◆ **WHAT YOU HAVE TO DO**:
Return the lines below exactly, starting with the line that contains "bool) set) \<Rightarrow>" and stopping after the last line.

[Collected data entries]
(* Let $(\mathcal F_d)_{d}$ be a family of base classes $\mathcal F_d\subseteq\{0,1\}^{\{0,1\}^*}$. If $\mathrm{Cons}_{\mathcal F_d}$ can be implemented in time polynomial in the length of its input and in $d$, and $\mathrm{VCdim}(\mathcal F_d)$ is bounded by a polynomial in $d$, then $\mathcal F_d^{\mathrm{e2e}(T)}$ is CoT-learnable in time $\mathrm{poly}(n,d,T,1/\epsilon,\log(1/\delta))$.
   Context: Alphabet $\Sigma=\{0,1\}$. For $f:\Sigma^*\to\Sigma$, $\bar f(\mathbf x)$ is $\mathbf x$ with $f(\mathbf x)$ appended; $f^{\mathrm{CoT}(T)}=\bar f\circ\cdots\circ\bar f$ ($T$ times); $f^{\mathrm{e2e}(T)}(\mathbf x)$ is the last token of $f^{\mathrm{CoT}(T)}(\mathbf x)$; $\mathcal F^{\mathrm{e2e}(T)}=\{f^{\mathrm{e2e}(T)}:f\in\mathcal F\}$. $\mathrm{Cons}_{\mathcal F}$: given pairs $(\mathbf u_i,v_i)$, return some $\hat f\in\mathcal F$ with $\hat f(\mathbf u_i)=v_i$ for all $i$. CoT-learnability over a domain $\mathcal X$: there is a rule $A$ such that for every distribution $\mathcal D$ over $\mathcal X$, every $f_*\in\mathcal F_d$ and all $\epsilon,\delta\in(0,1)$, with probability $\ge1-\delta$ over $\mathbf x_1,\dots,\mathbf x_m$ i.i.d. $\mathcal D$, given $S_{\mathrm{CoT}}=(f_*^{\mathrm{CoT}(T)}(\mathbf x_i))_{i\le m}$ the output $h=A(S_{\mathrm{CoT}})$ satisfies $\Pr_{\mathbf x\sim\mathcal D}[h(\mathbf x)\ne f_*^{\mathrm{e2e}(T)}(\mathbf x)]\le\epsilon$. "CoT-learnable in time $\mathrm{time}(n,d,T,\epsilon,\delta)$" means there is such a rule $A$ (given $d,T$) which, over the domain $\mathcal X=\Sigma^{\le n}$ (prompts of length at most $n$), runs in time at most $\mathrm{time}(n,d,T,\epsilon,\delta)$ almost surely, for all $n,d,T,\epsilon,\delta$. *)

theory Defs
  imports "HOL-Probability.Probability" "HOL-Library.Extended_Nat"
begin

definition cot_step :: "(bool list \<Rightarrow> bool) \<Rightarrow> bool list \<Rightarrow> bool list" where
  "cot_step f x = x @ [f x]"

definition cot :: "(bool list \<Rightarrow> bool) \<Rightarrow> nat \<Rightarrow> bool list \<Rightarrow> bool list" where
  "cot f T = (cot_step f ^^ T)"

definition e2e :: "(bool list \<Rightarrow> bool) \<Rightarrow> nat \<Rightarrow> bool list \<Rightarrow> bool" where
  "e2e f T x = last (cot f T x)"

definition shatters :: "('a \<Rightarrow> bool) set \<Rightarrow> 'a set \<Rightarrow> bool" where
  "shatters F S \<longleftrightarrow> (\<forall>g. \<exists>f\<in>F. \<forall>x\<in>S. f x = g x)"

definition vcdim :: "('a \<Rightarrow> bool) set \<Rightarrow> enat" where
  "vcdim F = Sup {enat (card S) | S. finite S \<and> shatters F S}"

text \<open>Tape symbols are naturals below the machine's alphabet size; 0 is blank,
  1 encodes the bit False (0) and 2 the bit True (1). States are naturals below
  the number of states; 0 is the start state, 1 the halting state.\<close>

datatype move = Left | Right | Stay

type_synonym tm = "nat \<times> nat \<times> (nat \<Rightarrow> nat \<Rightarrow> nat \<times> nat \<times> move)"
type_synonym config = "nat \<times> (int \<Rightarrow> nat) \<times> int"

definition tm_wf :: "tm \<Rightarrow> bool" where
  "tm_wf M = (case M of (Q, S, \<delta>) \<Rightarrow>
     2 \<le> Q \<and> 3 \<le> S \<and> (\<forall>q<Q. \<forall>s<S. case \<delta> q s of (q', s', _) \<Rightarrow> q' < Q \<and> s' < S))"

fun move_delta :: "move \<Rightarrow> int" where
  "move_delta Left = -1" | "move_delta Right = 1" | "move_delta Stay = 0"

definition tm_step :: "tm \<Rightarrow> config \<Rightarrow> config" where
  "tm_step M c = (case M of (Q, S, \<delta>) \<Rightarrow> case c of (q, tp, p) \<Rightarrow>
     if q = 1 then c
     else (case \<delta> q (tp p) of (q', s', mv) \<Rightarrow> (q', tp(p := s'), p + move_delta mv)))"

definition sym_of_bit :: "bool \<Rightarrow> nat" where
  "sym_of_bit b = (if b then 2 else 1)"

definition tm_init :: "bool list \<Rightarrow> config" where
  "tm_init x = (0, \<lambda>i. if 0 \<le> i \<and> i < int (length x) then sym_of_bit (x ! nat i) else 0, 0)"

definition tm_run :: "tm \<Rightarrow> nat \<Rightarrow> bool list \<Rightarrow> config" where
  "tm_run M t x = (tm_step M ^^ t) (tm_init x)"

definition tm_halts_within :: "tm \<Rightarrow> nat \<Rightarrow> bool list \<Rightarrow> bool" where
  "tm_halts_within M t x \<longleftrightarrow> fst (tm_run M t x) = 1"

definition tape_output :: "(int \<Rightarrow> nat) \<Rightarrow> bool list" where
  "tape_output tp = (let L = (LEAST k::nat. tp (int k) \<notin> {1, 2})
                     in map (\<lambda>i. tp (int i) = 2) [0..<L])"

definition tm_output :: "tm \<Rightarrow> nat \<Rightarrow> bool list \<Rightarrow> bool list" where
  "tm_output M t x = tape_output (fst (snd (tm_run M t x)))"

definition enc_str :: "bool list \<Rightarrow> bool list" where
  "enc_str xs = concat (map (\<lambda>b. [True, b]) xs) @ [False, False]"

definition enc_nat :: "nat \<Rightarrow> bool list" where
  "enc_nat n = enc_str (replicate n True)"

definition enc_cons :: "nat \<Rightarrow> (bool list \<times> bool) list \<Rightarrow> bool list" where
  "enc_cons d ps = enc_nat d @ concat (map (\<lambda>(u, v). enc_str u @ enc_str [v]) ps)"

definition enc_learn :: "nat \<Rightarrow> nat \<Rightarrow> bool list list \<Rightarrow> bool list" where
  "enc_learn d T S = enc_nat d @ enc_nat T @ concat (map enc_str S)"

text \<open>rep d r is the member of F_d represented by the output string r.\<close>
definition cons_poly_time ::
  "(nat \<Rightarrow> (bool list \<Rightarrow> bool) set) \<Rightarrow> (nat \<Rightarrow> bool list \<Rightarrow> (bool list \<Rightarrow> bool)) \<Rightarrow> tm \<Rightarrow> bool" where
  "cons_poly_time F rep M \<longleftrightarrow> tm_wf M \<and>
     (\<exists>c k::nat. \<forall>d ps. (\<exists>f\<in>F d. \<forall>(u, v)\<in>set ps. f u = v) \<longrightarrow>
        (let inp = enc_cons d ps; t = c * (length inp + d + 1) ^ k; r = tm_output M t inp in
          tm_halts_within M t inp \<and> rep d r \<in> F d \<and> (\<forall>(u, v)\<in>set ps. rep d r u = v)))"

primrec iid_pmf :: "'a pmf \<Rightarrow> nat \<Rightarrow> 'a list pmf" where
  "iid_pmf D 0 = return_pmf []"
| "iid_pmf D (Suc m) = bind_pmf D (\<lambda>x. map_pmf (\<lambda>xs. x # xs) (iid_pmf D m))"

◆ **RESULT OF THE EXERCISE**:
  "(nat \<Rightarrow> (bool list \<Rightarrow> bool) set) \<Rightarrow> (nat \<Rightarrow> bool list \<Rightarrow> (bool list \<Rightarrow> bool)) \<Rightarrow> tm \<Rightarrow> bool" where
  "cons_poly_time F rep M \<longleftrightarrow> tm_wf M \<and>
     (\<exists>c k::nat. \<forall>d ps. (\<exists>f\<in>F d. \<forall>(u, v)\<in>set ps. f u = v) \<longrightarrow>
        (let inp = enc_cons d ps; t = c * (length inp + d + 1) ^ k; r = tm_output M t inp in
          tm_halts_within M t inp \<and> rep d r \<in> F d \<and> (\<forall>(u, v)\<in>set ps. rep d r u = v)))"

primrec iid_pmf :: "'a pmf \<Rightarrow> nat \<Rightarrow> 'a list pmf" where
  "iid_pmf D 0 = return_pmf []"
| "iid_pmf D (Suc m) = bind_pmf D (\<lambda>x. map_pmf (\<lambda>xs. x # xs) (iid_pmf D m))"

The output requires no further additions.